## What you should do
Reproduce the records below exactly, but only between the lines holding "(blk_mat p F" and "(x (Suc k))", inclusive.

(Saved entries)
--- START ---

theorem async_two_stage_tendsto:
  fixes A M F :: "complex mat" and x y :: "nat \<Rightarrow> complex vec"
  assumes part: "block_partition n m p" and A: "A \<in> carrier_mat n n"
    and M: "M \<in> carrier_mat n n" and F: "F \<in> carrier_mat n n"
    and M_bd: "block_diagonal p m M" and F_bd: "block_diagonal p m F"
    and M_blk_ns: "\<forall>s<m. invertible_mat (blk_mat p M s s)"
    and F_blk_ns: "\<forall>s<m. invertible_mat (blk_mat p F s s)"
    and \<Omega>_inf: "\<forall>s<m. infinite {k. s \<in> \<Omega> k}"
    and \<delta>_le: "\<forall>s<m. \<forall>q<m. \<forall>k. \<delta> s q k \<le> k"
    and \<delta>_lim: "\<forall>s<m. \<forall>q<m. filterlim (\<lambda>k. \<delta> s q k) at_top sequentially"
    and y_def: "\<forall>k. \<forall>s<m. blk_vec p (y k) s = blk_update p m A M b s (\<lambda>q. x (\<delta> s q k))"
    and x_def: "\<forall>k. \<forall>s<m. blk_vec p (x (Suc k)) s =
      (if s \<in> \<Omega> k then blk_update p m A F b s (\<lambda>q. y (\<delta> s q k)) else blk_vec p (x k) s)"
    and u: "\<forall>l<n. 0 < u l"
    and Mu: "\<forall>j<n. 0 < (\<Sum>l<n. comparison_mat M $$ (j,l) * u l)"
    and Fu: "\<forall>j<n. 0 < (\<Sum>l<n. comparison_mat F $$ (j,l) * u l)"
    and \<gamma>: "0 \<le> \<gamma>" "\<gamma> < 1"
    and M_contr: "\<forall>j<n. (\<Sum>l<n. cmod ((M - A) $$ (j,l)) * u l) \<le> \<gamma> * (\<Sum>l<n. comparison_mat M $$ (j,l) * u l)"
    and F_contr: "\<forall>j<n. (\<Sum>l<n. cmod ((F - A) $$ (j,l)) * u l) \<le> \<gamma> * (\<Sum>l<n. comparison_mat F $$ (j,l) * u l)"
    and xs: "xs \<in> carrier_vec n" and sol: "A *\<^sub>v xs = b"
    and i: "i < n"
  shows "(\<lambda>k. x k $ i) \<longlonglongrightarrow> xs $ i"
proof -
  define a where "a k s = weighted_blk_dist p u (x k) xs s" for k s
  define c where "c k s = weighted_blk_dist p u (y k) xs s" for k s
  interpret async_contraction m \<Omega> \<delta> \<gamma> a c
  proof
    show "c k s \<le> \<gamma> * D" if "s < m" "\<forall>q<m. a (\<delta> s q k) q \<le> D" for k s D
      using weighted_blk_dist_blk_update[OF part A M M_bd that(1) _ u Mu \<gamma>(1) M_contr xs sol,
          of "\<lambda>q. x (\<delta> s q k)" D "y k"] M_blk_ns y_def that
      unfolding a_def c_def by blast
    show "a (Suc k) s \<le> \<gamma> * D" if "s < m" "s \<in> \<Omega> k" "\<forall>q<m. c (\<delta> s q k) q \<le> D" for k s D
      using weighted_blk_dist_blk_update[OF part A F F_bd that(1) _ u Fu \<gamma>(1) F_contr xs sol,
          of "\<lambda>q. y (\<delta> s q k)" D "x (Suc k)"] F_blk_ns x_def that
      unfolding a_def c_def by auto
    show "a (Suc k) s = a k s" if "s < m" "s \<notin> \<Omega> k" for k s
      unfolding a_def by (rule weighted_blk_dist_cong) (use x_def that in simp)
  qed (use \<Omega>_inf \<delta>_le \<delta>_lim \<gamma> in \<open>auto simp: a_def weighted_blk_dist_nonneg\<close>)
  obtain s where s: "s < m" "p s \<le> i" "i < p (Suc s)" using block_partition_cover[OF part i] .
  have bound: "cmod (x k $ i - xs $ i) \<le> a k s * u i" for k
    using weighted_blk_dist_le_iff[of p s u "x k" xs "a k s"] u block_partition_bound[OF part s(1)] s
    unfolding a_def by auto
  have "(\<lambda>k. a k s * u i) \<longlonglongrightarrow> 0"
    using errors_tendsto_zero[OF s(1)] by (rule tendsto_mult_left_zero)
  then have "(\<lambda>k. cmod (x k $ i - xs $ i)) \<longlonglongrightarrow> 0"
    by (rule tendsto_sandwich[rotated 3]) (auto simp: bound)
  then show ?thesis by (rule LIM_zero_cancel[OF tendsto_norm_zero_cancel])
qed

--- END ---
--- START ---

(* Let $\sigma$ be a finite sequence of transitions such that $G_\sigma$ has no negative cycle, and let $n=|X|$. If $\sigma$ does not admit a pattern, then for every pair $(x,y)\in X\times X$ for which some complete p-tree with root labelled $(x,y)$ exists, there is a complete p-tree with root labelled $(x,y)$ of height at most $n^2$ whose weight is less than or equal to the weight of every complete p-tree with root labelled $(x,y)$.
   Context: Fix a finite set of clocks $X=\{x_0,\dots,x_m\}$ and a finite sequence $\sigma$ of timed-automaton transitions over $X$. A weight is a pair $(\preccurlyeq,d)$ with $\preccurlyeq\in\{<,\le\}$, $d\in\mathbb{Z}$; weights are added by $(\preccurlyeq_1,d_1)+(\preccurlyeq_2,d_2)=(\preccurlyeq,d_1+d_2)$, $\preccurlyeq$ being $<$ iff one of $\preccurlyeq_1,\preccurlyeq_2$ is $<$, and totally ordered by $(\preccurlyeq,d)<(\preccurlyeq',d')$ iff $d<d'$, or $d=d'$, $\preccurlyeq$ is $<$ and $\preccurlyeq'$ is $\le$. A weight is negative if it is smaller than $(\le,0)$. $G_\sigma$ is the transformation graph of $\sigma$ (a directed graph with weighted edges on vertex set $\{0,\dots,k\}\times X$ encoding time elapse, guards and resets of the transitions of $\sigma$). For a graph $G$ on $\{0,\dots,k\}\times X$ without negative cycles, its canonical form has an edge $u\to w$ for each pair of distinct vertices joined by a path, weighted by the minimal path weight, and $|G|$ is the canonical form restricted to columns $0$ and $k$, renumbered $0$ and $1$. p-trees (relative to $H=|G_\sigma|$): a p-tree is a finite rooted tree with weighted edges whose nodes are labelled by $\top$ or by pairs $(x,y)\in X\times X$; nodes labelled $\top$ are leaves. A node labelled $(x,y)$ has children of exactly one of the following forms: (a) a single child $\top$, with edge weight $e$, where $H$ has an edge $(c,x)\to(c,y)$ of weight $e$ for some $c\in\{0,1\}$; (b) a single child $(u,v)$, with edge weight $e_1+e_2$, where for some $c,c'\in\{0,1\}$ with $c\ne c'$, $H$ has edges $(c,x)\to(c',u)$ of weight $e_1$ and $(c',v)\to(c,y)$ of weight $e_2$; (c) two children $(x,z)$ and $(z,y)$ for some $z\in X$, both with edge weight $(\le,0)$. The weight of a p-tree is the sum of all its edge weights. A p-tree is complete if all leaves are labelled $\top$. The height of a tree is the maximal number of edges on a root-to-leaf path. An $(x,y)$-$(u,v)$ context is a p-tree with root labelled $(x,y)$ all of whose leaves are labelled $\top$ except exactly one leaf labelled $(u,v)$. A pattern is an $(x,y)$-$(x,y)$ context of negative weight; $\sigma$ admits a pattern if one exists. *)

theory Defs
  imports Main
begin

--- END ---

## Task solution
    and F_blk_ns: "\<forall>s<m. invertible_mat (blk_mat p F s s)"
    and \<Omega>_inf: "\<forall>s<m. infinite {k. s \<in> \<Omega> k}"
    and \<delta>_le: "\<forall>s<m. \<forall>q<m. \<forall>k. \<delta> s q k \<le> k"
    and \<delta>_lim: "\<forall>s<m. \<forall>q<m. filterlim (\<lambda>k. \<delta> s q k) at_top sequentially"
    and y_def: "\<forall>k. \<forall>s<m. blk_vec p (y k) s = blk_update p m A M b s (\<lambda>q. x (\<delta> s q k))"
    and x_def: "\<forall>k. \<forall>s<m. blk_vec p (x (Suc k)) s =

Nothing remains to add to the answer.